== Segment start ==

(* Let $k\ge 2$ be an integer, let $k_0=\lfloor (k-1)/2\rfloor$ (the largest integer with $2k_0\le k-1$) and $k_1=\lfloor (k-2)/2\rfloor$ (the largest integer with $2k_1+2\le k$). Then there exist functions $f_k(\theta,\lambda)$ and $w_k^{2j+1}(s,\lambda)$ ($j=0,\dots,k_1$), each polynomial in $\lambda$, such that for all $\theta$ $$v_k(\theta)=f_k(\theta,\lambda)+\sum_{j=0}^{k_1}\lambda_{2j+1}\,w_k^{2j+1}(\sin\theta,\lambda),$$ where for every $\theta$ the polynomial $f_k(\theta,\cdot)$ belongs to the ideal $(\lambda_2,\lambda_4,\dots,\lambda_{2k_0})\subset\mathbb{R}[\lambda_1,\dots,\lambda_d]$ (the zero ideal if $k_0=0$), and $w_k^{2j+1}(0,\lambda)=0$ for all $\lambda$ and all $j$.
   Context: Let $d\ge1$, let $\lambda=(\lambda_1,\dots,\lambda_d)$ be real parameters, and $p(x)=\sum_{i=1}^d\lambda_i x^i$. Consider the planar Liénard system $\dot x=y$, $\dot y=-x+p(x)y$. In polar coordinates $x=r\cos\theta$, $y=r\sin\theta$ its orbits satisfy $$\frac{dr}{d\theta}=\frac{r\,p(r\cos\theta)\sin^2\theta}{-1+\sin\theta\cos\theta\,p(r\cos\theta)}.$$ For small $r_0$ let $r(\theta;r_0)$ be the solution of this equation with $r(0;r_0)=r_0$. For each $\theta$, the map $r_0\mapsto r(\theta;r_0)$ is analytic near $0$ and tangent to the identity, and its inverse has the expansion $r_0=r+\sum_{k\ge2}v_k(\theta)r^k$ where $r=r(\theta;r_0)$; set $v_1(\theta)=1$. Each $v_k(\theta)$ is a polynomial in $\lambda$ with real coefficients depending on $\theta$. Convention: $\lambda_i=0$ for $i>d$. *)

theory Defs
  imports "HOL-Analysis.Analysis"
begin

text \<open>Parameters lambda = (lambda_1,...,lambda_d) are encoded as functions nat => real
  that vanish at index 0 and at all indices > d (this realises the convention
  lambda_i = 0 for i > d).\<close>
definition params :: "nat \<Rightarrow> (nat \<Rightarrow> real) set" where
  "params d = {lam. \<forall>i. (i = 0 \<or> d < i) \<longrightarrow> lam i = 0}"

definition pL :: "nat \<Rightarrow> (nat \<Rightarrow> real) \<Rightarrow> real \<Rightarrow> real" where
  "pL d lam x = (\<Sum>i=1..d. lam i * x ^ i)"

definition polar_den :: "nat \<Rightarrow> (nat \<Rightarrow> real) \<Rightarrow> real \<Rightarrow> real \<Rightarrow> real" where
  "polar_den d lam \<theta> r = -1 + sin \<theta> * cos \<theta> * pL d lam (r * cos \<theta>)"

definition polar_rhs :: "nat \<Rightarrow> (nat \<Rightarrow> real) \<Rightarrow> real \<Rightarrow> real \<Rightarrow> real" where
  "polar_rhs d lam \<theta> r =
     r * pL d lam (r * cos \<theta>) * (sin \<theta>)\<^sup>2 / polar_den d lam \<theta> r"

definition is_polar_sol ::
  "nat \<Rightarrow> (nat \<Rightarrow> real) \<Rightarrow> real \<Rightarrow> (real \<Rightarrow> real) \<Rightarrow> real set \<Rightarrow> bool" where
  "is_polar_sol d lam r0 \<phi> I \<longleftrightarrow>
     is_interval I \<and> 0 \<in> I \<and> \<phi> 0 = r0 \<and>
     (\<forall>t\<in>I. polar_den d lam t (\<phi> t) \<noteq> 0 \<and>
        (\<phi> has_real_derivative polar_rhs d lam t (\<phi> t)) (at t within I))"
(* Let $Q$ be a polynomial with complex coefficients. There exists a polynomial $P$ with complex coefficients such that $Q(x)=e^{V(x)}\frac{d}{dx}\big(e^{-V(x)}P(x)\big)$ if and only if $\int_{\Gamma_k}Q(z)e^{-V(z)}\,dz=0$ for all $k=1,\dots,D-1$. Moreover, such a $P$ (when it exists) is unique.
   Context: Let $V$ be a real polynomial of even degree $D\ge2$ with leading coefficient $\gamma>0$. Let $\omega=e^{2\pi i/D}$, $C_0=[0,+\infty)$ oriented away from $0$, and for $k=1,\dots,D-1$ let $C_k=\omega^k[0,+\infty)$ oriented towards $0$. Set $\Gamma_k=C_0\cup C_k$ ($k=1,\dots,D-1$) with these orientations, so that $\int_{\Gamma_k}f(z)\,dz=\int_0^\infty f(r)\,dr-\omega^k\int_0^\infty f(\omega^k r)\,dr$. *)

theory Defs
  imports "HOL-Analysis.Analysis" "HOL-Computational_Algebra.Polynomial"
begin

definition omega :: "nat \<Rightarrow> complex" where
  "omega D = exp (2 * of_real pi * \<i> / of_nat D)"

text \<open>Integral over Gamma_k = C_0 \<union> C_k, C_0 = [0,\<infinity>) oriented away from 0,
  C_k = omega^k [0,\<infinity>) oriented towards 0:
  int_{Gamma_k} f = int_0^\<infinity> f(r) dr - omega^k int_0^\<infinity> f(omega^k r) dr.\<close>
definition Gamma_integral :: "nat \<Rightarrow> nat \<Rightarrow> (complex \<Rightarrow> complex) \<Rightarrow> complex" where
  "Gamma_integral D k f =
     integral {0..} (\<lambda>r::real. f (complex_of_real r))
     - omega D ^ k * integral {0..} (\<lambda>r::real. f (omega D ^ k * complex_of_real r))"

end

theory Submission
  imports Defs "Jordan_Normal_Form.Determinant" "HOL-Real_Asymp.Real_Asymp"
begin

(* Put T P = P' - V' P, so that e^V (e^{-V} P)' = T P. Since e^{-V} decays like e^{-r^D} along
   every ray \<omega>^j [0,\<infinity>), each integral over \<Gamma>_k annihilates the image of T. Comparing leading
   coefficients, T raises degrees by exactly D - 1; hence T is injective and every Q splits as
   Q = T P + R with deg R < D - 1. It remains to show R = 0 when all integrals of R e^{-V} over
   \<Gamma>_1, ..., \<Gamma>_{D-1} vanish; as R ranges over a space of dimension D - 1, it suffices that these
   D - 1 functionals are linearly independent on all polynomials. A vanishing combination of them
   is a vanishing combination \<Sum> a_j J_j of the ray integrals J_j f = \<omega>^j \<integral> f(\<omega>^j r) dr. Truncating
   the Taylor series of e^{V - \<gamma> z^D} gives polynomials Q_N with Q_N e^{-V} \<rightarrow> z^p e^{-\<gamma> z^D}
   dominatedly on every ray, and J_j (z^p e^{-\<gamma> z^D}) = \<omega>^{j(p+1)} c_p with c_p > 0. So
   \<Sum> a_j \<omega>^{j(p+1)} = 0 for all p, and inverting the discrete Fourier transform gives a = 0. *)

lemma matrix_kernel_trivial_if_transpose_kernel_trivial:
  fixes F :: "nat \<Rightarrow> nat \<Rightarrow> 'a::field"
  assumes transpose: "\<And>c. \<forall>i<n. (\<Sum>k<n. c k * F k i) = 0 \<Longrightarrow> \<forall>k<n. c k = 0"
      and x: "\<forall>k<n. (\<Sum>i<n. F k i * x i) = 0"
  shows "\<forall>i<n. x i = 0"
proof (rule ccontr)
  assume nz: "\<not> (\<forall>i<n. x i = 0)"
  define M where "M = mat n n (\<lambda>(k,i). F k i)"
  have M: "M \<in> carrier_mat n n" "transpose_mat M \<in> carrier_mat n n"
    unfolding M_def by simp_all
  have "vec n x \<noteq> 0\<^sub>v n"
    using nz by (metis index_vec index_zero_vec(1))
  moreover have "M *\<^sub>v vec n x = 0\<^sub>v n"
    using x unfolding M_def by (intro eq_vecI) (simp_all add: scalar_prod_def atLeast0LessThan)
  ultimately have "Determinant.det M = 0"
    using det_0_iff_vec_prod_zero_field[OF M(1)] vec_carrier by blast
  then have "Determinant.det (transpose_mat M) = 0"
    using det_transpose[OF M(1)] by simp
  then obtain u where u: "u \<in> carrier_vec n" "u \<noteq> 0\<^sub>v n" "transpose_mat M *\<^sub>v u = 0\<^sub>v n"
    using det_0_iff_vec_prod_zero_field[OF M(2)] by blast
  have "\<forall>i<n. (\<Sum>k<n. vec_index u k * F k i) = 0"
  proof (intro allI impI)
    fix i assume i: "i < n"
    have "vec_index (transpose_mat M *\<^sub>v u) i = (\<Sum>k<n. vec_index u k * F k i)"
      using i u(1) unfolding M_def by (simp add: scalar_prod_def atLeast0LessThan mult.commute)
    then show "(\<Sum>k<n. vec_index u k * F k i) = 0" using u(3) i by simp
  qed
  then have "u = 0\<^sub>v n"
    using transpose u(1) by (intro eq_vecI) auto
  with u(2) show False by simp
qed

lemma norm_poly_le_coeff_sum:
  fixes p :: "'a::real_normed_field poly"
  shows "norm (poly p z) \<le> (\<Sum>i\<le>degree p. norm (coeff p i)) * (1 + norm z) ^ degree p"
proof -
  have "norm (poly p z) \<le> (\<Sum>i\<le>degree p. norm (coeff p i * z ^ i))"
    unfolding poly_altdef by (rule norm_sum)
  also have "\<dots> \<le> (\<Sum>i\<le>degree p. norm (coeff p i) * (1 + norm z) ^ degree p)"
  proof (intro sum_mono)
    fix i assume i: "i \<in> {..degree p}"
    have "norm z ^ i \<le> (1 + norm z) ^ i" by (intro power_mono) auto
    also have "\<dots> \<le> (1 + norm z) ^ degree p" using i by (intro power_increasing) auto
    finally show "norm (coeff p i * z ^ i) \<le> norm (coeff p i) * (1 + norm z) ^ degree p"
      by (simp add: norm_mult norm_power mult_left_mono)
  qed
  also have "\<dots> = (\<Sum>i\<le>degree p. norm (coeff p i)) * (1 + norm z) ^ degree p"
    by (simp add: sum_distrib_right)
  finally show ?thesis .
qed

lemma norm_exp_partial_sum_le:
  fixes x :: "'a::{real_normed_div_algebra,banach}"
  shows "norm (\<Sum>n<N. x ^ n /\<^sub>R fact n) \<le> exp (norm x)"
proof -
  have "norm (\<Sum>n<N. x ^ n /\<^sub>R fact n) \<le> (\<Sum>n<N. norm x ^ n /\<^sub>R fact n)"
    by (rule order_trans[OF norm_sum]) (simp add: norm_power)
  also have "\<dots> \<le> (\<Sum>n. norm x ^ n /\<^sub>R fact n)"
    by (rule sum_le_suminf) (use exp_converges[of "norm x"] in \<open>auto simp: sums_iff\<close>)
  also have "\<dots> = exp (norm x)"
    using exp_converges[of "norm x"] by (simp add: sums_iff)
  finally show ?thesis .
qed

lemma power_exp_le_exp_minus_large:
  fixes n p :: nat and A g r :: real
  assumes n: "n \<ge> 1" and A: "A \<ge> 0" and r: "r \<ge> 1" and large: "A * 2 ^ n + p + 1 \<le> g * r"
  shows "(1 + r) ^ p * exp (A * (1 + r) ^ n - g * r ^ (n + 1)) \<le> exp (- r)"
proof -
  have "(1 + r) ^ p \<le> exp r ^ p"
    by (intro power_mono) (use r exp_ge_add_one_self in auto)
  then have pow: "(1 + r) ^ p \<le> exp (p * r)"
    by (simp add: exp_of_nat_mult[symmetric])
  have "(1 + r) ^ n \<le> 2 ^ n * r ^ n"
    using power_mono[of "1 + r" "2 * r" n] r by (simp add: power_mult_distrib)
  then have "A * (1 + r) ^ n \<le> A * 2 ^ n * r ^ n"
    using A by (metis mult.assoc mult_left_mono)
  moreover have rn: "r \<le> r ^ n" using r n by (metis power_increasing power_one_right)
  moreover have "(A * 2 ^ n + p + 1) * r ^ n \<le> g * r ^ (n + 1)"
    using large r by (simp add: mult_right_mono)
  ultimately have "p * r + (A * (1 + r) ^ n - g * r ^ (n + 1)) \<le> - r"
    using mult_left_mono[OF rn, of p] by (simp add: algebra_simps)
  then have "exp (p * r) * exp (A * (1 + r) ^ n - g * r ^ (n + 1)) \<le> exp (- r)"
    by (simp add: exp_add[symmetric])
  then show ?thesis
    using pow by (meson exp_ge_zero mult_right_mono order_trans)
qed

== Segment end ==

Activity
Repeat the entries above verbatim, but only from the line that has "unfolding M_def by simp_all" down to the line that has "using det_transpose[OF M(1)] by simp", inclusive.

Answer box
    unfolding M_def by simp_all
  have "vec n x \<noteq> 0\<^sub>v n"
    using nz by (metis index_vec index_zero_vec(1))
  moreover have "M *\<^sub>v vec n x = 0\<^sub>v n"
    using x unfolding M_def by (intro eq_vecI) (simp_all add: scalar_prod_def atLeast0LessThan)
  ultimately have "Determinant.det M = 0"
    using det_0_iff_vec_prod_zero_field[OF M(1)] vec_carrier by blast
  then have "Determinant.det (transpose_mat M) = 0"
    using det_transpose[OF M(1)] by simp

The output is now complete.